text \<open>Writing an antisymmetric bracket as \<open>K u w - K w u\<close> with \<open>K\<close> bilinear turns every identity
  that holds modulo antisymmetry into a consequence of bilinearity alone, which the simplifier
  (with its cancellation simprocs for abelian groups) decides by expanding both sides.\<close>

definition half_op :: "('k::field \<Rightarrow> 'b::ab_group_add \<Rightarrow> 'b) \<Rightarrow> ('b \<Rightarrow> 'b \<Rightarrow> 'b) \<Rightarrow> 'b \<Rightarrow> 'b \<Rightarrow> 'b"
  where "half_op s br u w = s (1/2) (br u w)"

lemma lin_end_half_op:
  assumes "vector_space s" and "bilin s br"
  shows "lin_end s s (half_op s br)"
proof -
  interpret vector_space s by fact
  show ?thesis
    using assms(2) by (auto simp: bilin_def lin_end_def Vector_Spaces.linear_iff half_op_def
        scale_right_distrib mult.commute)
qed

lemma antisym_eq_half_op_diff:
  fixes s :: "'k::field_char_0 \<Rightarrow> 'b::ab_group_add \<Rightarrow> 'b"
  assumes "vector_space s" and "\<And>u w. br u w = - br w u"
  shows "br u w = half_op s br u w - half_op s br w u"
proof -
  interpret vector_space s by fact
  have "br u w = s (1/2 + 1/2) (br u w)" by simp
  also have "\<dots> = half_op s br u w - half_op s br w u"
    by (simp only: half_op_def scale_left_distrib assms(2)[of w u] scale_minus_right
        diff_conv_add_uminus minus_minus)
  finally show ?thesis .
qed

definition malcev_defect :: "('b::ab_group_add \<Rightarrow> 'b \<Rightarrow> 'b) \<Rightarrow> 'b \<Rightarrow> 'b \<Rightarrow> 'b \<Rightarrow> 'b" where
  "malcev_defect br x y z = jac br x y (br x z) - br (jac br x y z) x"

definition malcev_polar :: "('b::ab_group_add \<Rightarrow> 'b \<Rightarrow> 'b) \<Rightarrow> 'b \<Rightarrow> 'b \<Rightarrow> 'b \<Rightarrow> 'b \<Rightarrow> 'b" where
  "malcev_polar br x w y z =
     jac br x y (br w z) + jac br w y (br x z) - br (jac br x y z) w - br (jac br w y z) x"

definition assoc_defect :: "('b::ab_group_add \<Rightarrow> 'b \<Rightarrow> 'b) \<Rightarrow> 'b \<Rightarrow> 'b \<Rightarrow> 'b \<Rightarrow> 'b" where
  "assoc_defect pr x y z = pr (pr x y) z - pr x (pr y z)"

definition leibniz_defect ::
    "('b::ab_group_add \<Rightarrow> 'b \<Rightarrow> 'b) \<Rightarrow> ('b \<Rightarrow> 'b \<Rightarrow> 'b) \<Rightarrow> 'b \<Rightarrow> 'b \<Rightarrow> 'b \<Rightarrow> 'b" where
  "leibniz_defect br pr x y z = br x (pr y z) - pr (br x y) z - pr y (br x z)"

definition comm_assoc_algebra :: "('k::field \<Rightarrow> 'b::ab_group_add \<Rightarrow> 'b) \<Rightarrow> ('b \<Rightarrow> 'b \<Rightarrow> 'b) \<Rightarrow> bool"
  where "comm_assoc_algebra s pr \<longleftrightarrow> vector_space s \<and> bilin s pr \<and>
    (\<forall>x y. pr x y = pr y x) \<and> (\<forall>x y z. assoc_defect pr x y z = 0)"

lemma malcev_algebra_iff_defect:
  "malcev_algebra s br \<longleftrightarrow> vector_space s \<and> bilin s br \<and> (\<forall>x y. br x y = - br y x) \<and>
     (\<forall>x y z. malcev_defect br x y z = 0)"
  by (simp add: malcev_algebra_def malcev_defect_def)

lemma malcev_poisson_iff_defects:
  "malcev_poisson s br pr \<longleftrightarrow>
     malcev_algebra s br \<and> comm_assoc_algebra s pr \<and> (\<forall>x y z. leibniz_defect br pr x y z = 0)"
  unfolding malcev_poisson_def comm_assoc_algebra_def assoc_defect_def leibniz_defect_def
    malcev_algebra_def by (auto simp only: right_minus_eq diff_diff_eq)

lemma
  assumes "bilin s br"
  shows malcev_defect_add_left: "malcev_defect br (x + w) y z =
      malcev_defect br x y z + malcev_defect br w y z + malcev_polar br x w y z"
    and malcev_defect_add_mid: "malcev_defect br x (y + y') z =
      malcev_defect br x y z + malcev_defect br x y' z"
    and malcev_defect_add_right: "malcev_defect br x y (z + z') =
      malcev_defect br x y z + malcev_defect br x y z'"
    and malcev_polar_add_mid: "malcev_polar br x w (y + y') z =
      malcev_polar br x w y z + malcev_polar br x w y' z"
    and malcev_polar_add_right: "malcev_polar br x w y (z + z') =
      malcev_polar br x w y z + malcev_polar br x w y z'"
  using lin_end_simps[OF assms[unfolded bilin_iff_lin_end]]
  by (simp_all add: malcev_defect_def malcev_polar_def jac_def algebra_simps)

lemma malcev_polar_eq_0:
  assumes "bilin s br" and "\<And>x y z. malcev_defect br x y z = 0"
  shows "malcev_polar br x w y z = 0"
  using malcev_defect_add_left[OF assms(1), of x w y z] by (simp add: assms(2))

lemma vector_space_sum_scale:
  assumes "vector_space sA" and "vector_space sV"
  shows "vector_space (sum_scale sA sV)"
proof -
  interpret A: vector_space sA by fact
  interpret V: vector_space sV by fact
  show ?thesis
    by unfold_locales (simp_all add: sum_scale_def prod_eq_iff A.scale_right_distrib
        V.scale_right_distrib A.scale_left_distrib V.scale_left_distrib)
qed

lemma bilin_sum_br:
  assumes "bilin sA brA" and "bilin sV brV" and "lin_end sA sV r"
  shows "bilin (sum_scale sA sV) (sum_br brA brV r)"
proof -
  have vs: "vector_space sA" "vector_space sV"
    using assms(1,2) by (auto simp: bilin_def Vector_Spaces.linear_iff)
  interpret V: vector_space sV by fact
  note simps = lin_end_simps[OF assms(1)[unfolded bilin_iff_lin_end]]
    lin_end_simps[OF assms(2)[unfolded bilin_iff_lin_end]] lin_end_simps[OF assms(3)]
  show ?thesis
    unfolding bilin_def Vector_Spaces.linear_iff
    by (simp add: vector_space_sum_scale vs sum_br_def sum_scale_def simps
        V.scale_right_distrib V.scale_right_diff_distrib algebra_simps)
qed

lemma bilin_sum_pr:
  assumes "bilin sA prA" and "bilin sV prV" and "lin_end sA sV m"
  shows "bilin (sum_scale sA sV) (sum_pr prA prV m)"
proof -
  have vs: "vector_space sA" "vector_space sV"
    using assms(1,2) by (auto simp: bilin_def Vector_Spaces.linear_iff)
  interpret V: vector_space sV by fact
  note simps = lin_end_simps[OF assms(1)[unfolded bilin_iff_lin_end]]
    lin_end_simps[OF assms(2)[unfolded bilin_iff_lin_end]] lin_end_simps[OF assms(3)]
  show ?thesis
    unfolding bilin_def Vector_Spaces.linear_iff
    by (simp add: vector_space_sum_scale vs sum_pr_def sum_scale_def simps
        V.scale_right_distrib algebra_simps)
qed

lemma sum_br_antisym:
  assumes "\<And>x y. brA x y = - brA y x" and "\<And>a b. brV a b = - brV b a"
  shows "sum_br brA brV r p q = - sum_br brA brV r q p"
  by (simp add: sum_br_def prod_eq_iff assms(1)[of "fst p"] assms(2)[of "snd p"])

lemma sum_pr_commute:
  assumes "\<And>x y. prA x y = prA y x" and "\<And>a b. prV a b = prV b a"
  shows "sum_pr prA prV m p q = sum_pr prA prV m q p"
  by (simp add: sum_pr_def prod_eq_iff assms(1)[of "fst p"] assms(2)[of "snd p"])

locale malcev_semidirect =
  fixes sA :: "'k::field_char_0 \<Rightarrow> 'a::ab_group_add \<Rightarrow> 'a"
    and sV :: "'k \<Rightarrow> 'v::ab_group_add \<Rightarrow> 'v"
    and brA :: "'a \<Rightarrow> 'a \<Rightarrow> 'a"
    and brV :: "'v \<Rightarrow> 'v \<Rightarrow> 'v"
    and r :: "'a \<Rightarrow> 'v \<Rightarrow> 'v"
  assumes malcev_A: "malcev_algebra sA brA"
    and malcev_V: "malcev_algebra sV brV"
    and lin_r: "lin_end sA sV r"
begin

abbreviation br_sum where "br_sum \<equiv> sum_br brA brV r"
● ● ● ● ●
### [Work to be completed]
The lines in the entries above that carry the word "longleftrightarrow" must be copied.

### [Completed task]
  where "comm_assoc_algebra s pr \<longleftrightarrow> vector_space s \<and> bilin s pr \<and>
  "malcev_algebra s br \<longleftrightarrow> vector_space s \<and> bilin s br \<and> (\<forall>x y. br x y = - br y x) \<and>
  "malcev_poisson s br pr \<longleftrightarrow>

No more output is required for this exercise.